Это силился кричать хриплым голосом тот, другой, кого вез Афанасий, бритый, принятый Рожновым не то за актера, не то за немца, — и Рожнов первый, а за ним и другие узнали, что этот бритый — их хозяин Федор Макухин.

— Держись, Федор Петрович! Выручим! — обрадованно обнадежил Рожнов Макухина и, поймав момент, бросил ему, так как был он ближе к корме баркаса, мокрый, с узлом на конце, канат.

Гребцы дружно огибали ялик, чтобы его могло прибить к борту баркаса, чтобы можно было снять и Макухина и Афанасия с ялика на баркас.
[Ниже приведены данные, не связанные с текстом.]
lemma adjoint_mat_mult:
  assumes "A \<in> carrier_mat n k" "B \<in> carrier_mat k m"
  shows "adjoint_mat (A * B) = adjoint_mat B * adjoint_mat A"
  using assms by (intro eq_matI) (auto simp: adjoint_mat_def scalar_prod_def mult.commute)

lemma smult_mat_mult_vec: "dim_vec v = dim_col A \<Longrightarrow> (k \<cdot>\<^sub>m A) *\<^sub>v v = k \<cdot>\<^sub>v (A *\<^sub>v v)"
  by (intro eq_vecI) (auto simp: scalar_prod_def sum_distrib_left mult.assoc intro!: sum.cong)

lemma cscalar_prod_mult_mat_vec:
  assumes "A \<in> carrier_mat n m" "v \<in> carrier_vec m" "w \<in> carrier_vec n"
  shows "(A *\<^sub>v v) \<bullet>c w = v \<bullet>c (adjoint_mat A *\<^sub>v w)"
proof -
  have "(A *\<^sub>v v) \<bullet>c w = (\<Sum>i<n. \<Sum>j<m. A $$ (i, j) * v $ j * cnj (w $ i))"
    using assms by (simp add: scalar_prod_def sum_distrib_right atLeast0LessThan)
  also have "\<dots> = (\<Sum>j<m. \<Sum>i<n. v $ j * cnj (cnj (A $$ (i, j)) * w $ i))"
    by (subst sum.swap) (simp add: mult_ac)
  also have "\<dots> = v \<bullet>c (adjoint_mat A *\<^sub>v w)"
    using assms by (simp add: scalar_prod_def adjoint_mat_def sum_distrib_left atLeast0LessThan)
  finally show ?thesis .
qed

lemma vnorm2_cscalar_prod: "complex_of_real (vnorm2 v) = v \<bullet>c v"
  unfolding vnorm2_def scalar_prod_def of_real_sum
  by (simp add: complex_norm_square atLeast0LessThan del: of_real_power)

lemma vnorm2_unitary:
  assumes "A \<in> carrier_mat n n" "adjoint_mat A * A = 1\<^sub>m n" "v \<in> carrier_vec n"
  shows "vnorm2 (A *\<^sub>v v) = vnorm2 v"
proof -
  have "adjoint_mat A *\<^sub>v (A *\<^sub>v v) = (adjoint_mat A * A) *\<^sub>v v"
    using assms by (subst assoc_mult_mat_vec[of _ n n]) auto
  then have "(A *\<^sub>v v) \<bullet>c (A *\<^sub>v v) = v \<bullet>c v"
    using assms by (simp add: cscalar_prod_mult_mat_vec)
  then show ?thesis
    by (simp flip: vnorm2_cscalar_prod)
qed

lemma vnorm2_smult: "vnorm2 (c \<cdot>\<^sub>v v) = (cmod c)\<^sup>2 * vnorm2 v"
  by (simp add: vnorm2_def sum_distrib_left norm_mult power_mult_distrib)

lemma vnorm2_eq_0_iff: "vnorm2 v = 0 \<longleftrightarrow> v = 0\<^sub>v (dim_vec v)"
  by (auto simp: vnorm2_def sum_nonneg_eq_0_iff vec_eq_iff)

lemma vnorm2_parallelogram:
  assumes "dim_vec w = dim_vec v"
  shows "vnorm2 (v + w) + vnorm2 (v - w) = 2 * (vnorm2 v + vnorm2 w)"
proof -
  have "(cmod (a + b))\<^sup>2 + (cmod (a - b))\<^sup>2 = 2 * ((cmod a)\<^sup>2 + (cmod b)\<^sup>2)" for a b :: complex
    unfolding cmod_power2 by (simp add: power2_eq_square algebra_simps)
  then show ?thesis
    using assms by (simp add: vnorm2_def sum.distrib sum_distrib_left flip: sum.distrib)
qed

section \<open>Eigenprojectors of a hermitian involution\<close>

definition hermitian_involution :: "nat \<Rightarrow> complex mat \<Rightarrow> bool" where
  "hermitian_involution n A \<longleftrightarrow> A \<in> carrier_mat n n \<and> adjoint_mat A = A \<and> A * A = 1\<^sub>m n"

definition eigen_proj :: "complex mat \<Rightarrow> complex \<Rightarrow> complex mat" where
  "eigen_proj A s = (1 / 2) \<cdot>\<^sub>m (1\<^sub>m (dim_row A) + s \<cdot>\<^sub>m A)"

lemma dim_eigen_proj [simp]: "dim_row (eigen_proj A s) = dim_row A" "dim_col (eigen_proj A s) = dim_col A"
  by (simp_all add: eigen_proj_def)

lemma eigen_proj_carrier [simp]: "A \<in> carrier_mat n n \<Longrightarrow> eigen_proj A s \<in> carrier_mat n n"
  by (simp add: eigen_proj_def)

lemma eigen_proj_mult_vec:
  assumes "A \<in> carrier_mat n n" "v \<in> carrier_vec n"
  shows "eigen_proj A s *\<^sub>v v = (1 / 2) \<cdot>\<^sub>v (v + s \<cdot>\<^sub>v (A *\<^sub>v v))"
  using assms by (simp add: eigen_proj_def smult_mat_mult_vec add_mult_distrib_mat_vec[of _ n n])

lemma mult_eigen_proj:
  assumes "X \<in> carrier_mat k n" "A \<in> carrier_mat n n"
  shows "X * eigen_proj A s = (1 / 2) \<cdot>\<^sub>m (X + s \<cdot>\<^sub>m (X * A))"
  using assms by (simp add: eigen_proj_def mult_smult_distrib[of X k n _ n] mult_add_distrib_mat[of X k n _ n])

lemma eigen_proj_mult:
  assumes "X \<in> carrier_mat n k" "A \<in> carrier_mat n n"
  shows "eigen_proj A s * X = (1 / 2) \<cdot>\<^sub>m (X + s \<cdot>\<^sub>m (A * X))"
  using assms by (simp add: eigen_proj_def mult_smult_assoc_mat[of _ n n X k] add_mult_distrib_mat[of _ n n _ X k])

lemma mult_eigen_proj_eigen:
  assumes "M \<in> carrier_mat k n" "A \<in> carrier_mat n n" "M * A = a \<cdot>\<^sub>m M"
  shows "M * eigen_proj A c = ((1 + c * a) / 2) \<cdot>\<^sub>m M"
  using assms by (simp add: mult_eigen_proj) (intro eq_matI; simp add: field_simps)

lemma eigen_proj_commute:
  assumes "X \<in> carrier_mat n n" "A \<in> carrier_mat n n" "X * A = A * X"
  shows "X * eigen_proj A s = eigen_proj A s * X"
  using assms by (simp add: mult_eigen_proj eigen_proj_mult)

lemma eigen_proj_mult_self:
  assumes A: "A \<in> carrier_mat n n" "A * A = 1\<^sub>m n" and "s * s = 1"
  shows "eigen_proj A s * A = s \<cdot>\<^sub>m eigen_proj A s"
proof -
  have ss: "s * (s * x) = x" for x
    using \<open>s * s = 1\<close> by (simp flip: mult.assoc)
  have "eigen_proj A s * A = (1 / 2) \<cdot>\<^sub>m (A + s \<cdot>\<^sub>m 1\<^sub>m n)"
    using A by (simp add: eigen_proj_mult)
  also have "\<dots> = s \<cdot>\<^sub>m eigen_proj A s"
    using A by (intro eq_matI) (auto simp: eigen_proj_def algebra_simps ss)
  finally show ?thesis .
qed

lemma eigen_proj_add_opposite:
  assumes "A \<in> carrier_mat n n"
  shows "eigen_proj A s + eigen_proj A (- s) = 1\<^sub>m n"
  using assms by (intro eq_matI) (auto simp: eigen_proj_def field_simps)

lemma adjoint_eigen_proj:
  assumes A: "A \<in> carrier_mat n n" "adjoint_mat A = A" and "cnj s = s"
  shows "adjoint_mat (eigen_proj A s) = eigen_proj A s"
proof -
  have "cnj (A $$ (j, i)) = A $$ (i, j)" if "i < n" "j < n" for i j
  proof -
    have "adjoint_mat A $$ (i, j) = A $$ (i, j)"
      using A by simp
    then show ?thesis
      using A that by (simp add: adjoint_mat_def)
  qed
  then show ?thesis
    using assms by (intro eq_matI) (auto simp: adjoint_mat_def eigen_proj_def)
qed

lemma eigen_proj_norm_eq_imp_eigenvector:
  assumes A: "hermitian_involution n A" and v: "v \<in> carrier_vec n"
    and s: "s \<in> {1, -1}" and norm: "vnorm2 (eigen_proj A s *\<^sub>v v) = vnorm2 v"
  shows "A *\<^sub>v v = s \<cdot>\<^sub>v v"
proof -
  have A': "A \<in> carrier_mat n n" "adjoint_mat A * A = 1\<^sub>m n"
    using A by (auto simp: hermitian_involution_def)
  have cmod_s: "cmod s = 1" and ss: "s * s = 1"
    using s by auto
  define w where "w = s \<cdot>\<^sub>v (A *\<^sub>v v)"
  have w: "w \<in> carrier_vec n" "vnorm2 w = vnorm2 v"
    using A' v by (auto simp: w_def vnorm2_smult cmod_s vnorm2_unitary)
  have "vnorm2 (eigen_proj A s *\<^sub>v v) = vnorm2 (v + w) / 4"
    using A' v by (simp add: eigen_proj_mult_vec w_def vnorm2_smult power2_eq_square)
  with norm have "vnorm2 (v + w) = 4 * vnorm2 v"
    by simp
  with vnorm2_parallelogram[of w v] w v have "vnorm2 (v - w) = 0"
    by simp
  then have "v = w"
    using v w by (auto simp: vnorm2_eq_0_iff vec_eq_iff)
  then show ?thesis
    using A' v by (intro eq_vecI) (auto simp: w_def vec_eq_iff ss mult.assoc[symmetric])
qed

lemma mult_vec_eq_0_if_eigenvalues_differ:
  fixes M A :: "complex mat"
  assumes M: "M \<in> carrier_mat k n" and A: "A \<in> carrier_mat n n" and v: "v \<in> carrier_vec n"
    and MA: "M * A = a \<cdot>\<^sub>m M" and Av: "A *\<^sub>v v = s \<cdot>\<^sub>v v" and "a \<noteq> s"
  shows "M *\<^sub>v v = 0\<^sub>v k"
proof -
  have "a \<cdot>\<^sub>v (M *\<^sub>v v) = (M * A) *\<^sub>v v"
    using M v by (simp add: MA smult_mat_mult_vec)
  also have "\<dots> = s \<cdot>\<^sub>v (M *\<^sub>v v)"
    using M A v by (simp add: Av mult_mat_vec[OF M v])
  finally show ?thesis
    using M \<open>a \<noteq> s\<close> by (intro eq_vecI) (auto simp: vec_eq_iff)
qed

section \<open>Joint measurement of two commuting observables\<close>

definition outcome_signs :: "(complex \<times> complex) list" where
  "outcome_signs = [(1, 1), (1, -1), (-1, 1), (-1, -1)]"

definition joint_measurement :: "complex mat \<Rightarrow> complex mat \<Rightarrow> complex mat list" where
  "joint_measurement A B = map (\<lambda>(a, b). eigen_proj A a * eigen_proj B b) outcome_signs"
Это было трудно сделать, но близость помощи удвоила силы погибавших, — полуокоченевшие, они начали двигаться; волною вскинуло ялик почти вровень с бортом; они перевалились наполовину, их подхватили, и они мешками свалились на дно баркаса между скамеек. Афанасий оказался даже в состоянии помочь Рожнову взять ялик свой на буксир…

Трудно было справиться с этим. Спорили, не захлестнет ли ялик вода, можно ли с таким лишним грузом дотащиться до берега, но Афанасий умолял, обнадеживал, — взяли.

Однако впереди пенилось и бурлило открытое море, и туда же, куда несло только ялик, несло теперь борой и баркас. Нечего было и думать повернуть его и идти обратно против бури; нельзя было подставлять ей и свой борт; можно было только править так, чтобы выгресть к пологому берегу довольно далеко от каменоломни, но все-таки в том же заливе.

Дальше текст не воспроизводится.